**WHAT YOU HAVE TO DO**
Every line in the records below between the one holding "p R x y \<longleftrightarrow>" and the one holding "cardinality at most max(|A|, aleph_0)). *)", inclusive, is to be set down exactly; all other lines are to be left out.

Stored data:
▶

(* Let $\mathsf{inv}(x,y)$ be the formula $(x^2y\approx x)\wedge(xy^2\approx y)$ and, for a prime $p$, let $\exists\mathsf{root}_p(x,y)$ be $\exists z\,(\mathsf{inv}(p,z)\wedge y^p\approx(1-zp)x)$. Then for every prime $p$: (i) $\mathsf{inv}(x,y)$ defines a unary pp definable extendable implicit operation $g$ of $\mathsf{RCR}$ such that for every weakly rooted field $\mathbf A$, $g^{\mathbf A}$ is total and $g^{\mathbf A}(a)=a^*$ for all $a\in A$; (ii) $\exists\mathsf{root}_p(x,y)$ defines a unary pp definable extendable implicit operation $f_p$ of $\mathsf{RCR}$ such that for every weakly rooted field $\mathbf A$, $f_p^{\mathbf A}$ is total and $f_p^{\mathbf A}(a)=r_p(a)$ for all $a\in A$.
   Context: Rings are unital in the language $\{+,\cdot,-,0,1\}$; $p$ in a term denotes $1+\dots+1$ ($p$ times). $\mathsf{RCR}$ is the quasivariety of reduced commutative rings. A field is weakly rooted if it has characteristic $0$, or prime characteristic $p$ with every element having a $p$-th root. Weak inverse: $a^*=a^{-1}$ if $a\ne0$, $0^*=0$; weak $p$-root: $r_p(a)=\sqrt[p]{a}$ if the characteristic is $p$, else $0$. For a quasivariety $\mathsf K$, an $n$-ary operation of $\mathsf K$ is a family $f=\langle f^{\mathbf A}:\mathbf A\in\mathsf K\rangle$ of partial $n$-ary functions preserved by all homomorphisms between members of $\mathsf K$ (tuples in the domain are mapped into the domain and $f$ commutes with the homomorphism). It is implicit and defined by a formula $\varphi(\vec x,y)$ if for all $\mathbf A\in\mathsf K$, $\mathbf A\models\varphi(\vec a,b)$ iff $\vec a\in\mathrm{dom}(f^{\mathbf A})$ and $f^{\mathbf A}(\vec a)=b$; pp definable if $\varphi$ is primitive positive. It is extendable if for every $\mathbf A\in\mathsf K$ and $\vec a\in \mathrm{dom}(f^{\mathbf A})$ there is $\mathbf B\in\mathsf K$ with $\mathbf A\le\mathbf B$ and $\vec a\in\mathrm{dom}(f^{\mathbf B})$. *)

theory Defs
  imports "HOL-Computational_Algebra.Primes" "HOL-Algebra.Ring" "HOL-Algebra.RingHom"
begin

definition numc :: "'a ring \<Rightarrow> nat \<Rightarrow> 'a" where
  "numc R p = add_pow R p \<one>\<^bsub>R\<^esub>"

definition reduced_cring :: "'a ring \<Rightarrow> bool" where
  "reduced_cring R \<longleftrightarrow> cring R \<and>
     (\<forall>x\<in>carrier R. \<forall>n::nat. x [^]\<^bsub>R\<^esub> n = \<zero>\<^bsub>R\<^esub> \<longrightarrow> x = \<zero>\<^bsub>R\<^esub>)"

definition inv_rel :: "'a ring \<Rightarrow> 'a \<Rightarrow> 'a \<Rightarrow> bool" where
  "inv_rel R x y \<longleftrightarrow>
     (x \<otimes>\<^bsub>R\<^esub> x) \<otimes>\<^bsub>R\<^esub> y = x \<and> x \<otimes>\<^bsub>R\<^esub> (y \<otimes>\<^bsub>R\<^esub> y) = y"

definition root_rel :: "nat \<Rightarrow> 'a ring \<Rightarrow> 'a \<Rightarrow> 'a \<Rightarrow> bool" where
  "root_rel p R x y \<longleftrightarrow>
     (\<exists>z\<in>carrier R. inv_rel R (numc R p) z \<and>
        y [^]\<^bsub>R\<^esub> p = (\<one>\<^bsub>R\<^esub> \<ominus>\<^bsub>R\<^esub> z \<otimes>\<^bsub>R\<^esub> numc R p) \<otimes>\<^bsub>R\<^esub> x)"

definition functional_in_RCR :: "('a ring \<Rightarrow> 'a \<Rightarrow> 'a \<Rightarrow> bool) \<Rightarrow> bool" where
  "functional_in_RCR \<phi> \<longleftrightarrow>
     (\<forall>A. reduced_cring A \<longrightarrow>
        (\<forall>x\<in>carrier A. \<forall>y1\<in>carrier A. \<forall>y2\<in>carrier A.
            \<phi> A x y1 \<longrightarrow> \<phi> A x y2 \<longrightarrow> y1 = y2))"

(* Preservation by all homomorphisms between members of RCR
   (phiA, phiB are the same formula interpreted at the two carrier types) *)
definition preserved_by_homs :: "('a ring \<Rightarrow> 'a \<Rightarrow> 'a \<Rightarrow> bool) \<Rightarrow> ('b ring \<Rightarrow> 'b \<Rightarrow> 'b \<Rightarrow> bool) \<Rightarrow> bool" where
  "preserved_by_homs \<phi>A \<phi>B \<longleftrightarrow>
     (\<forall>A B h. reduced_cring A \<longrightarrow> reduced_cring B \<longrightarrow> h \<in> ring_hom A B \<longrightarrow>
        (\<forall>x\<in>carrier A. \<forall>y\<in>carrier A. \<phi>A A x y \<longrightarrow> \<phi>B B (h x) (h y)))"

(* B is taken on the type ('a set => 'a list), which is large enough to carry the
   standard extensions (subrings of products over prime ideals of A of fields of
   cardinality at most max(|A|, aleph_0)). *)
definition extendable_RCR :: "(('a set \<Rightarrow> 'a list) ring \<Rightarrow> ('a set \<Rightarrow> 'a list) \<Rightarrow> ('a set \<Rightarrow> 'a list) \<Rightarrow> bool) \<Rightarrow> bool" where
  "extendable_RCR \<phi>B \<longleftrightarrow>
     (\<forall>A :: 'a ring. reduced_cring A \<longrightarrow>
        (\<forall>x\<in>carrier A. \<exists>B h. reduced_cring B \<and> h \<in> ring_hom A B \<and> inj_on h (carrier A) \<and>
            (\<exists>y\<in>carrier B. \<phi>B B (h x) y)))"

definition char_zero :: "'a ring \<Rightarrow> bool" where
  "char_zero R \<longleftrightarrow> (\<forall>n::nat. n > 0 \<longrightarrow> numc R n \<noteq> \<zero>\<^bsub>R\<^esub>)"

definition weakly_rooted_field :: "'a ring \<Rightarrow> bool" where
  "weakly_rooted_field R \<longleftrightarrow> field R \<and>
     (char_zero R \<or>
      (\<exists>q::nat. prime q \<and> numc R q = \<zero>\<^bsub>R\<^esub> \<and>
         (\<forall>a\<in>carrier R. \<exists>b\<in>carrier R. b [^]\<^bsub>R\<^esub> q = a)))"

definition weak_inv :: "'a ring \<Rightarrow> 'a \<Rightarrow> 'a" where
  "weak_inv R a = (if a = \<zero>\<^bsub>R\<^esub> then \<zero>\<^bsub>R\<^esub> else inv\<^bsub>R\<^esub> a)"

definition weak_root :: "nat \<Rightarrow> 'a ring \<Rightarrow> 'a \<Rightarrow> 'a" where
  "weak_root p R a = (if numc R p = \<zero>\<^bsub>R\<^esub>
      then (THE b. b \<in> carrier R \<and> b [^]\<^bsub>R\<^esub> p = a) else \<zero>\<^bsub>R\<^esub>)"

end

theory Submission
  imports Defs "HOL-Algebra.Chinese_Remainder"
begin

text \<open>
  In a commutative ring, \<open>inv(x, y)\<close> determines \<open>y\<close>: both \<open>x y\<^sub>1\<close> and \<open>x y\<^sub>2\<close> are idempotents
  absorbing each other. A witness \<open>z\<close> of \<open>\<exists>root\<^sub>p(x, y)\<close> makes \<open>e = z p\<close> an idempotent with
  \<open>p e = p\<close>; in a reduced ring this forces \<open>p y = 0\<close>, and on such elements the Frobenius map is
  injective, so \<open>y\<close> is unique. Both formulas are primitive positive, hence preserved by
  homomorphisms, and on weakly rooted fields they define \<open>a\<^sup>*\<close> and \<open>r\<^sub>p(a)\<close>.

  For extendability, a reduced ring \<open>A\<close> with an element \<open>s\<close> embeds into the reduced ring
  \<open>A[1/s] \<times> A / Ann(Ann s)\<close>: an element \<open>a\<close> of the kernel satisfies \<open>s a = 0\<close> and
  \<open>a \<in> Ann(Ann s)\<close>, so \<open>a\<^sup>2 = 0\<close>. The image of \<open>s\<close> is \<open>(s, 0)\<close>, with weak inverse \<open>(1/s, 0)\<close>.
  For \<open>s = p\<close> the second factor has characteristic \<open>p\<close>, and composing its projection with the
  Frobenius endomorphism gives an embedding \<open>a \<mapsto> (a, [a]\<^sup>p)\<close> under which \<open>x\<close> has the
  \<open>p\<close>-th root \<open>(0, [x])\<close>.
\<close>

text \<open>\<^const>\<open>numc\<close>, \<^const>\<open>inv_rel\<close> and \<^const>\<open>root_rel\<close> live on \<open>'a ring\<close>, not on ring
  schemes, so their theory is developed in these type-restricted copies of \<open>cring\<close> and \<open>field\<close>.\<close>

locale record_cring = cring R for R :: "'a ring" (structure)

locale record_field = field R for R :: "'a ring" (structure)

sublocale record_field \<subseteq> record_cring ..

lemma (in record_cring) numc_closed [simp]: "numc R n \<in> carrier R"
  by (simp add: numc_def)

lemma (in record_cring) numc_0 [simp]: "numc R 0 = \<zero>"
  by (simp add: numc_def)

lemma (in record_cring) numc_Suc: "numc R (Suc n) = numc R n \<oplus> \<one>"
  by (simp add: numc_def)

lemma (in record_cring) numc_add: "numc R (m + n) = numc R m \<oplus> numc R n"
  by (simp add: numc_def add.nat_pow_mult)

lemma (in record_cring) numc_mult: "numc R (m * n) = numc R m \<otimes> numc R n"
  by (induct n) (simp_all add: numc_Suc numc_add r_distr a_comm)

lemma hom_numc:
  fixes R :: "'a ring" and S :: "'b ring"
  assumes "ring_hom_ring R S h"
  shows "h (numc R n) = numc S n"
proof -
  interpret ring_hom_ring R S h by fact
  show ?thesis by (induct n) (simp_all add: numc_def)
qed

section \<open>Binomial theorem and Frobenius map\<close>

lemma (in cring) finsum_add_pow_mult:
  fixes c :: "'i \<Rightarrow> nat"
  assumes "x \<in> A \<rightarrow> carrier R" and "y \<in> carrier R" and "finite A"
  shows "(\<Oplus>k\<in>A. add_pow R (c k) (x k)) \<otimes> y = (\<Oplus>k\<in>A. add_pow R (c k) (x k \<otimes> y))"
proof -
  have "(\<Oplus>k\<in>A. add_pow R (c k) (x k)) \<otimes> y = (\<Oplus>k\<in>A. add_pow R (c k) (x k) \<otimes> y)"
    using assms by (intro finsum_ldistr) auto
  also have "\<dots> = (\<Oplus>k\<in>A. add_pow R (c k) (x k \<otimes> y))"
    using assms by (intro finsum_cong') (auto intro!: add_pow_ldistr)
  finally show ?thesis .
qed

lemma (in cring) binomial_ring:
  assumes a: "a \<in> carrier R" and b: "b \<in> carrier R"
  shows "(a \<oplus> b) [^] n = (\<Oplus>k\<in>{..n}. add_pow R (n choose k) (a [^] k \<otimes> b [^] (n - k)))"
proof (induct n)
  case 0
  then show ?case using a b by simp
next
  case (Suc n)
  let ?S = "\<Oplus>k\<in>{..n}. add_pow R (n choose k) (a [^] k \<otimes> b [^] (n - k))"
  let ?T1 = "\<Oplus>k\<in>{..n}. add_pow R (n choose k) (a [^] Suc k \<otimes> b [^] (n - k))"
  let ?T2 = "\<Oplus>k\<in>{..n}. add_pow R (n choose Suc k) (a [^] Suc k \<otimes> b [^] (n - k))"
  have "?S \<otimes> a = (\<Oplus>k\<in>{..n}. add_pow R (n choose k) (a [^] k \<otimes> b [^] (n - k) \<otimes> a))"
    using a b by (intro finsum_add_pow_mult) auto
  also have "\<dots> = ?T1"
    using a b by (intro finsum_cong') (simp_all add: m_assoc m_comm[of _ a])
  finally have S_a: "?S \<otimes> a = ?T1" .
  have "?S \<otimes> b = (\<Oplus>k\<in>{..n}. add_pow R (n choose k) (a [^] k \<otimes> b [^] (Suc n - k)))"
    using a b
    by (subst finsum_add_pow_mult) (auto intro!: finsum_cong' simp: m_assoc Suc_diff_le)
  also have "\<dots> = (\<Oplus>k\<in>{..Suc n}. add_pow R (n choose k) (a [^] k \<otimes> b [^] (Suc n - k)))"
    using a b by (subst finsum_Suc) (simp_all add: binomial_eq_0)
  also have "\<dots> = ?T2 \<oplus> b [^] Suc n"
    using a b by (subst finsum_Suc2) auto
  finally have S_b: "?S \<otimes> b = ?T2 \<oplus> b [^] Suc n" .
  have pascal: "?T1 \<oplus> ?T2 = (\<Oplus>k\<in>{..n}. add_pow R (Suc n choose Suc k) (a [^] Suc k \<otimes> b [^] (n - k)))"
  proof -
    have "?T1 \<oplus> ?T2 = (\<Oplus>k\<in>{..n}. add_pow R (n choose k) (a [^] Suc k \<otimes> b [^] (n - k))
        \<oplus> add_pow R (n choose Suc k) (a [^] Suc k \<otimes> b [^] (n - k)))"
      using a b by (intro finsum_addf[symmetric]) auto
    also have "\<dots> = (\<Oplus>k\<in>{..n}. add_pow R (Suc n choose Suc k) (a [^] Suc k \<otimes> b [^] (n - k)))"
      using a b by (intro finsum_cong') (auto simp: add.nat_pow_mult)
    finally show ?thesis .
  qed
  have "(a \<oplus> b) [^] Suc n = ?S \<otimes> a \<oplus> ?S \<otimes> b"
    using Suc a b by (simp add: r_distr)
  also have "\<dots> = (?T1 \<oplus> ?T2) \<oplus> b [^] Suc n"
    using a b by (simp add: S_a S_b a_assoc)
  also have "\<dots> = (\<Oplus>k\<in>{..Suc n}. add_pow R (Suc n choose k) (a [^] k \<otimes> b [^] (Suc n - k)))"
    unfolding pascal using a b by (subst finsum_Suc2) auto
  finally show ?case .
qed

◀

**COMPLETED EXERCISE**
  "root_rel p R x y \<longleftrightarrow>
     (\<exists>z\<in>carrier R. inv_rel R (numc R p) z \<and>
        y [^]\<^bsub>R\<^esub> p = (\<one>\<^bsub>R\<^esub> \<ominus>\<^bsub>R\<^esub> z \<otimes>\<^bsub>R\<^esub> numc R p) \<otimes>\<^bsub>R\<^esub> x)"

definition functional_in_RCR :: "('a ring \<Rightarrow> 'a \<Rightarrow> 'a \<Rightarrow> bool) \<Rightarrow> bool" where
  "functional_in_RCR \<phi> \<longleftrightarrow>
     (\<forall>A. reduced_cring A \<longrightarrow>
        (\<forall>x\<in>carrier A. \<forall>y1\<in>carrier A. \<forall>y2\<in>carrier A.
            \<phi> A x y1 \<longrightarrow> \<phi> A x y2 \<longrightarrow> y1 = y2))"

(* Preservation by all homomorphisms between members of RCR
   (phiA, phiB are the same formula interpreted at the two carrier types) *)
definition preserved_by_homs :: "('a ring \<Rightarrow> 'a \<Rightarrow> 'a \<Rightarrow> bool) \<Rightarrow> ('b ring \<Rightarrow> 'b \<Rightarrow> 'b \<Rightarrow> bool) \<Rightarrow> bool" where
  "preserved_by_homs \<phi>A \<phi>B \<longleftrightarrow>
     (\<forall>A B h. reduced_cring A \<longrightarrow> reduced_cring B \<longrightarrow> h \<in> ring_hom A B \<longrightarrow>
        (\<forall>x\<in>carrier A. \<forall>y\<in>carrier A. \<phi>A A x y \<longrightarrow> \<phi>B B (h x) (h y)))"

(* B is taken on the type ('a set => 'a list), which is large enough to carry the
   standard extensions (subrings of products over prime ideals of A of fields of
   cardinality at most max(|A|, aleph_0)). *)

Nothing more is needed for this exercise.